* INSTRUCTIONS TO FOLLOW:
Go line by line through the records below. Copy whichever lines contain the string "three".

+++ SOURCE MATERIAL

lemma Jn_minus_Kn_neg:
  assumes "l > 0" and "At2 beta m d11 d22 d21 xi > 0"
    and "(At1 beta m s d11 d22 d21 xi)\<^sup>2 - 4 * At2 beta m d11 d22 d21 xi * DetA beta m s > 0"
    and "n1 l beta m s d11 d22 d21 xi < real n" "real n < n2 l beta m s d11 d22 d21 xi"
  shows "Jn l beta m s d11 d22 xi n - Kn l beta m d21 xi n < 0"
proof -
  have "Jn l beta m s d11 d22 xi n - Kn l beta m d21 xi n
          = At2 beta m d11 d22 d21 xi * ((real n / l)\<^sup>2)\<^sup>2
            - At1 beta m s d11 d22 d21 xi * (real n / l)\<^sup>2 + DetA beta m s"
    unfolding Jn_eq Kn_eq At1_def At2_def by (simp add: algebra_simps)
  also have "\<dots> < 0"
    using assms wavenumber_sq_between_xt[OF assms(1,4,5)]
    by (intro quadratic_neg_between_roots) (simp_all add: xt1_def xt2_def At3_def)
  finally show ?thesis .
qed

theorem lemma4p3:
  fixes l beta m s d11 d22 d21 xi :: real
    and n j :: nat
    and lam :: "real \<Rightarrow> complex" and lam' :: complex
  assumes "l > 0" "beta > 0" "m > 0" "s > 0"
    and "d11 \<ge> 0" "d22 \<ge> 0" "d21 \<ge> 0" "xi \<ge> 0"
    and "d11 * d22 - d21 * xi * ustar beta m * vstar beta m > 0"
    and "a11 beta m < 0"
    and "DetA beta m s > 0"
    and "At1 beta m s d11 d22 d21 xi > 0"
    and "(At1 beta m s d11 d22 d21 xi)^2 - 4 * At2 beta m d11 d22 d21 xi * DetA beta m s > 0"
    and "n \<ge> 1"
    and "n1 l beta m s d11 d22 d21 xi < real n" "real n < n2 l beta m s d11 d22 d21 xi"
    and "\<forall>\<^sub>F tau in nhds (tau_nj l beta m s d11 d22 d21 xi n j).
           charfun l beta m s d11 d22 d21 xi n (lam tau) tau = 0"
    and "lam (tau_nj l beta m s d11 d22 d21 xi n j) = \<i> * complex_of_real (omega_n l beta m s d11 d22 d21 xi n)"
    and "(lam has_vector_derivative lam') (at (tau_nj l beta m s d11 d22 d21 xi n j))"
  shows "Re lam' > 0"
proof -
  have "Jn l beta m s d11 d22 xi n + Kn l beta m d21 xi n > 0"
    using assms by (intro Jn_plus_Kn_pos)
  moreover have "Jn l beta m s d11 d22 xi n - Kn l beta m d21 xi n < 0"
    using assms by (intro Jn_minus_Kn_neg) (simp_all add: At2_def)
  ultimately have "Qn l beta m s d11 d22 d21 xi n < 0"
    by (simp add: Qn_def mult_pos_neg)
  from biquadratic_larger_root[OF this, of "Pn l beta m s d11 d22 xi n"]
  have "omega_n l beta m s d11 d22 d21 xi n > 0"
    and "(Tn l beta m s d11 d22 n)\<^sup>2 - 2 * Jn l beta m s d11 d22 xi n
           + 2 * (omega_n l beta m s d11 d22 d21 xi n)\<^sup>2 > 0"
    by (simp_all add: omega_n_def Pn_def)
  with assms(17-19) show ?thesis
    unfolding charfun_eq_delay_charpoly by (intro delay_charpoly_root_crossing)
qed
text \<open>Take 28 items 0..27 and let a round consist of five sweeps over the list: upwards once,
  upwards with every item requested twice in a row (two times), downwards once, and downwards
  with every item requested three times in a row. Starting from the list 0..27, TS pays 4032
  per round, and MTFO and MTFE each pay 8064 per two rounds, while the offline algorithm that
  moves items to the front exactly during the second doubled and the tripled sweep pays 2520
  per round and restores the list. Hence the ratio is 8064/5040 = 1.6 on every number of
  double rounds, and the additive constant is beaten by taking enough of them.

  All three online algorithms look at the past only through a per-item observation of the
  request history: MTFO and MTFE through the parity of the number of requests to the item, TS
  through the requests since its last request. Since every sweep requests every item, these
  observations, and hence the algorithms, are periodic, and one period is computed by
  evaluation, with the history replaced after each sweep by a short one that is
  indistinguishable from it.\<close>

definition hist_equiv :: "('a list \<Rightarrow> 'a \<Rightarrow> 'b) \<Rightarrow> 'a set \<Rightarrow> 'a list \<Rightarrow> 'a list \<Rightarrow> bool" where
  "hist_equiv obs S h h' \<longleftrightarrow> (\<forall>x\<in>S. obs h x = obs h' x)"

definition snoc_congruent :: "('a list \<Rightarrow> 'a \<Rightarrow> 'b) \<Rightarrow> bool" where
  "snoc_congruent obs \<longleftrightarrow> (\<forall>h h' y x. obs h x = obs h' x \<longrightarrow> obs (h @ [y]) x = obs (h' @ [y]) x)"

definition depends_on_history_via :: "('a list \<Rightarrow> 'a list \<Rightarrow> 'a \<Rightarrow> 'a list) \<Rightarrow> ('a list \<Rightarrow> 'a \<Rightarrow> 'b) \<Rightarrow> 'a set \<Rightarrow> bool" where
  "depends_on_history_via f obs S \<longleftrightarrow> (\<forall>h h' xs x. hist_equiv obs S h h' \<longrightarrow> x \<in> S \<longrightarrow> f h xs x = f h' xs x)"

lemma hist_equiv_refl [simp]: "hist_equiv obs S h h"
  by (simp add: hist_equiv_def)

lemma hist_equiv_trans: "hist_equiv obs S h h' \<Longrightarrow> hist_equiv obs S h' h'' \<Longrightarrow> hist_equiv obs S h h''"
  by (simp add: hist_equiv_def)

++++++

* PROBLEM SOLUTION:
  with every item requested three times in a row. Starting from the list 0..27, TS pays 4032
  All three online algorithms look at the past only through a per-item observation of the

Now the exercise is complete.